**GOAL OF THE EXERCISE**
State the count of lines below featuring the word "True", and write nothing further.
= = = = =
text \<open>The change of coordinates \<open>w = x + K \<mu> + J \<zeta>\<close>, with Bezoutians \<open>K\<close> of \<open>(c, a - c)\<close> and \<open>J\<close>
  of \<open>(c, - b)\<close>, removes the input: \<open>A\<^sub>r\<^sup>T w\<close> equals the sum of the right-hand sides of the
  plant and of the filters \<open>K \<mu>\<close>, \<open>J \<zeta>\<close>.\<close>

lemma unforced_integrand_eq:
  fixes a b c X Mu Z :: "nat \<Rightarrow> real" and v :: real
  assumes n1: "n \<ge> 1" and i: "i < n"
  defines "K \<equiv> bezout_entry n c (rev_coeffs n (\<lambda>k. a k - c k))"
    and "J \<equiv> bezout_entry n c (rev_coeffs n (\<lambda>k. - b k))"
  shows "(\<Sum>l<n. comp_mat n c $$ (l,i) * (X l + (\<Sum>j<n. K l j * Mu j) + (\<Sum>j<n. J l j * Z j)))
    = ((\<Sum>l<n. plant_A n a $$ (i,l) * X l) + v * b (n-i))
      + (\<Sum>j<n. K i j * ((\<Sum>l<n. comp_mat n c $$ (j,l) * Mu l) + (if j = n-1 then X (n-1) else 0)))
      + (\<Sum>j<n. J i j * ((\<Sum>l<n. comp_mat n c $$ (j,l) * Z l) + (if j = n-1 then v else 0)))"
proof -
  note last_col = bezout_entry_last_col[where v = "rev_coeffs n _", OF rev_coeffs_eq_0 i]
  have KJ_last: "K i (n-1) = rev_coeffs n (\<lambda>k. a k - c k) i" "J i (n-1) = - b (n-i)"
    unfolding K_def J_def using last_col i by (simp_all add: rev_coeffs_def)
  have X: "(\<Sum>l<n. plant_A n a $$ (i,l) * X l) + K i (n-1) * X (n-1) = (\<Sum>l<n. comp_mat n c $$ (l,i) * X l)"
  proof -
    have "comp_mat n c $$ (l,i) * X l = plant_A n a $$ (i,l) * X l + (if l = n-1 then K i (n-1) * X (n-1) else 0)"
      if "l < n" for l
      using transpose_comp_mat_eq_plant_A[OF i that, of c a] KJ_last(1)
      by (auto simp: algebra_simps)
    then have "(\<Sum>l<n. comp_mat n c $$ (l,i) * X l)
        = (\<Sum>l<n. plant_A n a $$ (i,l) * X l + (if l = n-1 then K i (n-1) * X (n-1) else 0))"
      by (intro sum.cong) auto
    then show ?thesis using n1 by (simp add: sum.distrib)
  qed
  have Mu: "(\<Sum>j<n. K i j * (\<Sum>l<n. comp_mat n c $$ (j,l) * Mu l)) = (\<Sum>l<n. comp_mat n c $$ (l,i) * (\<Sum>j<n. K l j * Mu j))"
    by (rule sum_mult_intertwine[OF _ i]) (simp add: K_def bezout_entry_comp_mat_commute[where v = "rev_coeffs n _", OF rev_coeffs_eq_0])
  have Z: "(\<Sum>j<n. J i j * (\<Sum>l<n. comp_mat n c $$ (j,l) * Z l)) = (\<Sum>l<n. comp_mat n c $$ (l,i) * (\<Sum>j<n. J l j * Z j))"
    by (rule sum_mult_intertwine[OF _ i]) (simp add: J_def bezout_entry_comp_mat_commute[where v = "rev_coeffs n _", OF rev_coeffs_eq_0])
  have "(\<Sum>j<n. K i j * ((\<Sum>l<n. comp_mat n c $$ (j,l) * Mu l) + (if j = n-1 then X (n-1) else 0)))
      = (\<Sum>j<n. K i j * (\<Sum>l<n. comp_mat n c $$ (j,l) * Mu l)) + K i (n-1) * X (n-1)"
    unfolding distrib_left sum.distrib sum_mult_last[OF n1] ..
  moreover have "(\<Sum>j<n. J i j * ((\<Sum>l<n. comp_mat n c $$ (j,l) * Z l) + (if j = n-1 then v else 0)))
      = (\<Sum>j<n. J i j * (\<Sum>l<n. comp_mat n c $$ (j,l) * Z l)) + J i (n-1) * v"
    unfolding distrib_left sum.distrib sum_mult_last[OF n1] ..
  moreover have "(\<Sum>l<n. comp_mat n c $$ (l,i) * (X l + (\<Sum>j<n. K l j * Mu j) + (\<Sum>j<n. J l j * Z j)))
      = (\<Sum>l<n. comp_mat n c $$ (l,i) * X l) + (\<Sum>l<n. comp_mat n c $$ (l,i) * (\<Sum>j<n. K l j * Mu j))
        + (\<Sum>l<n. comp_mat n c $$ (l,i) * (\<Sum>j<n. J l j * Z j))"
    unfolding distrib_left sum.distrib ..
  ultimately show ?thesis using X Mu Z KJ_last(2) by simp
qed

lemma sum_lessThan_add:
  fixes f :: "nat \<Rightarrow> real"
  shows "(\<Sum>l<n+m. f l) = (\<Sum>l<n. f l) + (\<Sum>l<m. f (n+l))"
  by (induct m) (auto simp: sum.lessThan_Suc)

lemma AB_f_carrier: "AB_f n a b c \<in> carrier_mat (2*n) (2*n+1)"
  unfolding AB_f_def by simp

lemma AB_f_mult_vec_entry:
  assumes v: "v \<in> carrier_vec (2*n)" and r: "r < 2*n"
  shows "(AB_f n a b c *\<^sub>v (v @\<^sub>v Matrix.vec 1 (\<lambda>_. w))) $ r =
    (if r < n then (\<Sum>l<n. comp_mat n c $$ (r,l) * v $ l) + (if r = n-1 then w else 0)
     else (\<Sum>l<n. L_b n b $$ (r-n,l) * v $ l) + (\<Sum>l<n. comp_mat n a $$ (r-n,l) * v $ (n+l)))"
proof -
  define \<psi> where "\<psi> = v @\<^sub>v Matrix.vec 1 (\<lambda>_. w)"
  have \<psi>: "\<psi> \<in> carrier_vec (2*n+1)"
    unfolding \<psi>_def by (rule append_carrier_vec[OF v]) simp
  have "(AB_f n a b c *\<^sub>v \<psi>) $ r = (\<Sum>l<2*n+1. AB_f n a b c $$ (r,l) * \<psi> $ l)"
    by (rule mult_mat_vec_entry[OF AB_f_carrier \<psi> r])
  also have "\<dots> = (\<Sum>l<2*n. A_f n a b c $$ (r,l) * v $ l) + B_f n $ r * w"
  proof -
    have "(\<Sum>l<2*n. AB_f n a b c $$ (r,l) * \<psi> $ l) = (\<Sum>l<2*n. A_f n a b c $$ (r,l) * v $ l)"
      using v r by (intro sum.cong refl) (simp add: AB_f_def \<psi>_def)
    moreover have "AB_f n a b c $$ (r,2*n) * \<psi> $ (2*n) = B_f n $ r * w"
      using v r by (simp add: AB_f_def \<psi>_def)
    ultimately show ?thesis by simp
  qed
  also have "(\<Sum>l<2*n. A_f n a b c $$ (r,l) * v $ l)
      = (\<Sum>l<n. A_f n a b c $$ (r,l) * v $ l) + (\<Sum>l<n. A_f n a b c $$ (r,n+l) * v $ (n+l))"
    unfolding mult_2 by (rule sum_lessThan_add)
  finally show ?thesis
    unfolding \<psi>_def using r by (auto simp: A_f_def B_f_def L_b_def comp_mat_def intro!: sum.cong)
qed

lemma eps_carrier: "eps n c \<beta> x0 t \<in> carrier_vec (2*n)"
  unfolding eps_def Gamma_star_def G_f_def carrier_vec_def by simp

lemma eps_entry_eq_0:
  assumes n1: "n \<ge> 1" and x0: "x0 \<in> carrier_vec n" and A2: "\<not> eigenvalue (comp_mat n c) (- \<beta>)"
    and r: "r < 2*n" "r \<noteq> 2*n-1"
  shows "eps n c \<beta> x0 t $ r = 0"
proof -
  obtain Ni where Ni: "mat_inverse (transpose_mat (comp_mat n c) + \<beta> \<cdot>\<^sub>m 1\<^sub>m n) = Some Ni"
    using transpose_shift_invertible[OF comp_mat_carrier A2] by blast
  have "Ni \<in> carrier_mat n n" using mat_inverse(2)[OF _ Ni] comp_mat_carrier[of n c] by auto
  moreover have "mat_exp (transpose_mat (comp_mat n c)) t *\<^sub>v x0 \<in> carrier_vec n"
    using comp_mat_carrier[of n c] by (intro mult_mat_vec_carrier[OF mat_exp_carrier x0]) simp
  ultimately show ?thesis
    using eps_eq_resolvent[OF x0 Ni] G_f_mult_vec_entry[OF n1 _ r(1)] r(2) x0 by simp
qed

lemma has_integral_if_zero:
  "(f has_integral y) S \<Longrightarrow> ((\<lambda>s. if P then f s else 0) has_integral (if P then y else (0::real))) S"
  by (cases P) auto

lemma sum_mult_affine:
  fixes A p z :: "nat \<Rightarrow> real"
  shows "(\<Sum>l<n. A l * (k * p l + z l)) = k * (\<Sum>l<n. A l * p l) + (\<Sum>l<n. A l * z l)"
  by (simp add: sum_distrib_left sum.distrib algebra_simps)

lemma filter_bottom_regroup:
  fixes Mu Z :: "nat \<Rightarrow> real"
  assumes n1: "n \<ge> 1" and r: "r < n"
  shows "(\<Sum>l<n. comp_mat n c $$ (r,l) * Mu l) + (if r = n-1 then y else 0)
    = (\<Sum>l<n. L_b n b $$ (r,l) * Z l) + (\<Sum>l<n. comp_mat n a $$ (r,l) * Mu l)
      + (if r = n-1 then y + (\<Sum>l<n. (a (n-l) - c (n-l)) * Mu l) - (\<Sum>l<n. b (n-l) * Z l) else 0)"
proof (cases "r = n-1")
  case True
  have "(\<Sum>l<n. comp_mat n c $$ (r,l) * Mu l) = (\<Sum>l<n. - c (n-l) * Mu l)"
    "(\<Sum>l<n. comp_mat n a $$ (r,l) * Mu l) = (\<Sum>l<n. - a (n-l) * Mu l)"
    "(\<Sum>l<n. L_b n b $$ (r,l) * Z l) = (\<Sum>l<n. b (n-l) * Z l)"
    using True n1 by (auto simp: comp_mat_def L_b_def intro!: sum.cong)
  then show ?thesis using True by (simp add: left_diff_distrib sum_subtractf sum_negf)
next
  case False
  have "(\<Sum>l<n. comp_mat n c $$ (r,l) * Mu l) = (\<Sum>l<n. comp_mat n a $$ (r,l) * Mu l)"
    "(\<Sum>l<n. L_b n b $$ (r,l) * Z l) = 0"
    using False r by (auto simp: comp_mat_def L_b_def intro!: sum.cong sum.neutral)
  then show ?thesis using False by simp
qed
= = = = =
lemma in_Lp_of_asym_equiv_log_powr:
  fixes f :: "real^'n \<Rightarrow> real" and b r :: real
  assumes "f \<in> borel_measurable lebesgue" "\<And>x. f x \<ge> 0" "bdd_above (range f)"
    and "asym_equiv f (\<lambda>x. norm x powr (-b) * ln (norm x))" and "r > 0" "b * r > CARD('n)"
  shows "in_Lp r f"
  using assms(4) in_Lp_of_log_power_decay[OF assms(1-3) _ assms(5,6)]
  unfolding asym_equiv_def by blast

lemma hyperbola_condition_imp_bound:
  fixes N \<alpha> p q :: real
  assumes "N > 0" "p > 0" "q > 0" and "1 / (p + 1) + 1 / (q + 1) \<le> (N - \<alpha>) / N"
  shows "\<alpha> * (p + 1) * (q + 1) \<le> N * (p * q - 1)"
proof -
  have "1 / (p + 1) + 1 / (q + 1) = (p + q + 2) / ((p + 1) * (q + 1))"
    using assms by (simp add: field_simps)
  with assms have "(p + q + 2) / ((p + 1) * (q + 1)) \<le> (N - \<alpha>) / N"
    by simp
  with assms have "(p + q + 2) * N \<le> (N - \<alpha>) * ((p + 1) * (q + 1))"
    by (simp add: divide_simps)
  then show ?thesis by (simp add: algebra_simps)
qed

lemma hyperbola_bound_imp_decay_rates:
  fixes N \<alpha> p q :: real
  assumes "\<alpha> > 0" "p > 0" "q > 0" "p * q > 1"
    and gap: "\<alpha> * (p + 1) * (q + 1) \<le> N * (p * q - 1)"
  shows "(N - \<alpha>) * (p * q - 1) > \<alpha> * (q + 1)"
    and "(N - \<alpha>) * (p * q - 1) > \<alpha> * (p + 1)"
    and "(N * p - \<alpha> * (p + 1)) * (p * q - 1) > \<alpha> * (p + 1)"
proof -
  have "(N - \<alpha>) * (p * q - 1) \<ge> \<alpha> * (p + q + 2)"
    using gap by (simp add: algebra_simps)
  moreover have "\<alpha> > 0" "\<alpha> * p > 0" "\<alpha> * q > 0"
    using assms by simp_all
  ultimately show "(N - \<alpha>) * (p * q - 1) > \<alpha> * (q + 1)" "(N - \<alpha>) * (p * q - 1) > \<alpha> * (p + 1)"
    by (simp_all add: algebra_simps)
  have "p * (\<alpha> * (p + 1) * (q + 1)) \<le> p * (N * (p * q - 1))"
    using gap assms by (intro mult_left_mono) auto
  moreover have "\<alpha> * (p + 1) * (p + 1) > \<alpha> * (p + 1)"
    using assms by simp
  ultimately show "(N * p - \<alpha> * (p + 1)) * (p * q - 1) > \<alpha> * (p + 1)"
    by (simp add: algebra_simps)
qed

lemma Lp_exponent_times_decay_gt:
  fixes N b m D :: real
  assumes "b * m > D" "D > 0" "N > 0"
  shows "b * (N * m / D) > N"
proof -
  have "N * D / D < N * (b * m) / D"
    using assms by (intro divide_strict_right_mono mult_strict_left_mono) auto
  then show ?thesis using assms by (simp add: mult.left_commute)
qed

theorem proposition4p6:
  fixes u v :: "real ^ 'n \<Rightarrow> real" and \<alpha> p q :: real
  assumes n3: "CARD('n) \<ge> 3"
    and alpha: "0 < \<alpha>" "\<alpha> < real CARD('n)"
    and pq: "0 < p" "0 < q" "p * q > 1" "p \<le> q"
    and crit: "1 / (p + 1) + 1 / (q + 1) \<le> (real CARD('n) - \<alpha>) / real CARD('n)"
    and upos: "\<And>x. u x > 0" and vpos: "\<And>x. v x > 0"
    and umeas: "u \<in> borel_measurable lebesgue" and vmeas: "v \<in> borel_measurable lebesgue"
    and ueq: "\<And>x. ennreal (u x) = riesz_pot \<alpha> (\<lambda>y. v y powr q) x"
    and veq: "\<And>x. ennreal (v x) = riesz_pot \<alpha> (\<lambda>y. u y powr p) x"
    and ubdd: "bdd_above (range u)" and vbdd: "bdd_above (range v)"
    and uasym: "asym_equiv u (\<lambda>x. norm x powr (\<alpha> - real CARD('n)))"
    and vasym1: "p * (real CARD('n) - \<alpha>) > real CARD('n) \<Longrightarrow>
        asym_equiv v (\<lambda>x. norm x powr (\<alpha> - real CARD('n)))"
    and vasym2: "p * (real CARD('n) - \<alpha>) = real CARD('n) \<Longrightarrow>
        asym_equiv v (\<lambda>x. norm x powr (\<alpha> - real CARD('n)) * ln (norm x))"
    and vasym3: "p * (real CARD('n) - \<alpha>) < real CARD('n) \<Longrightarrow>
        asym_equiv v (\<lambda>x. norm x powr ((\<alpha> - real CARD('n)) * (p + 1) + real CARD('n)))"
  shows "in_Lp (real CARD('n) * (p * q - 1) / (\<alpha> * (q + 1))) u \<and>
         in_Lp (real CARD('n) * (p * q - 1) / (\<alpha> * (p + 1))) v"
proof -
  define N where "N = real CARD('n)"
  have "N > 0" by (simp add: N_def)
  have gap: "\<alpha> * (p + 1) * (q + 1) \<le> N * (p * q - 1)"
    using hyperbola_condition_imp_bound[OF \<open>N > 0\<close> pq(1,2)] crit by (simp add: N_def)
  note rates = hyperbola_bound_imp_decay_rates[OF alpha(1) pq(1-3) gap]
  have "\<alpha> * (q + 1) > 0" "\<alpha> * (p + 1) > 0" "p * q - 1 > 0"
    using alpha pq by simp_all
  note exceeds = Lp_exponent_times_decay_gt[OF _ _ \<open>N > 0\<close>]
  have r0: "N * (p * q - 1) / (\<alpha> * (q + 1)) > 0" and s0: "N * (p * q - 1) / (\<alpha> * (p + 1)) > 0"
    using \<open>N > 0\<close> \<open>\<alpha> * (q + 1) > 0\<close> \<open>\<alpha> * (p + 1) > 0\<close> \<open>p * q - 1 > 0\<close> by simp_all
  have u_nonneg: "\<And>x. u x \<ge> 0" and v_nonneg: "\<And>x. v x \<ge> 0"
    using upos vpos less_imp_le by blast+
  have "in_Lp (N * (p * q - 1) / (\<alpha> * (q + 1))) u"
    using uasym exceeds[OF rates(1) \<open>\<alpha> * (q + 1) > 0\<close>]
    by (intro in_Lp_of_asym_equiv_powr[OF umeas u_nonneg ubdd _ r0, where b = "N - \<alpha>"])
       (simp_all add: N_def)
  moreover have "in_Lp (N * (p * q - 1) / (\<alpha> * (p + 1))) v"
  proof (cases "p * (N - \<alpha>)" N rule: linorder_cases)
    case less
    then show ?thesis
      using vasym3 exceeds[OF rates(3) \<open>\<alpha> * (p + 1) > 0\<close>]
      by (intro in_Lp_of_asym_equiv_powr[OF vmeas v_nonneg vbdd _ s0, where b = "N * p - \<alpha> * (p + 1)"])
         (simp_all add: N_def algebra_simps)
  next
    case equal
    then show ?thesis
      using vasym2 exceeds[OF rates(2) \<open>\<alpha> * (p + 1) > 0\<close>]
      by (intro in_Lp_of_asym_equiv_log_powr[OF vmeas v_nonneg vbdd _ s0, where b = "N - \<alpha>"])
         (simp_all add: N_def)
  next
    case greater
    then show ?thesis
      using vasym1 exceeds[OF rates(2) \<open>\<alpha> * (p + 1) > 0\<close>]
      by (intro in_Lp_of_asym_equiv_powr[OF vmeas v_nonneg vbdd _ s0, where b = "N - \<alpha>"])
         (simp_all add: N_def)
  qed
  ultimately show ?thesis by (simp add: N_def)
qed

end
= = = = =
**TASK SOLUTION**
3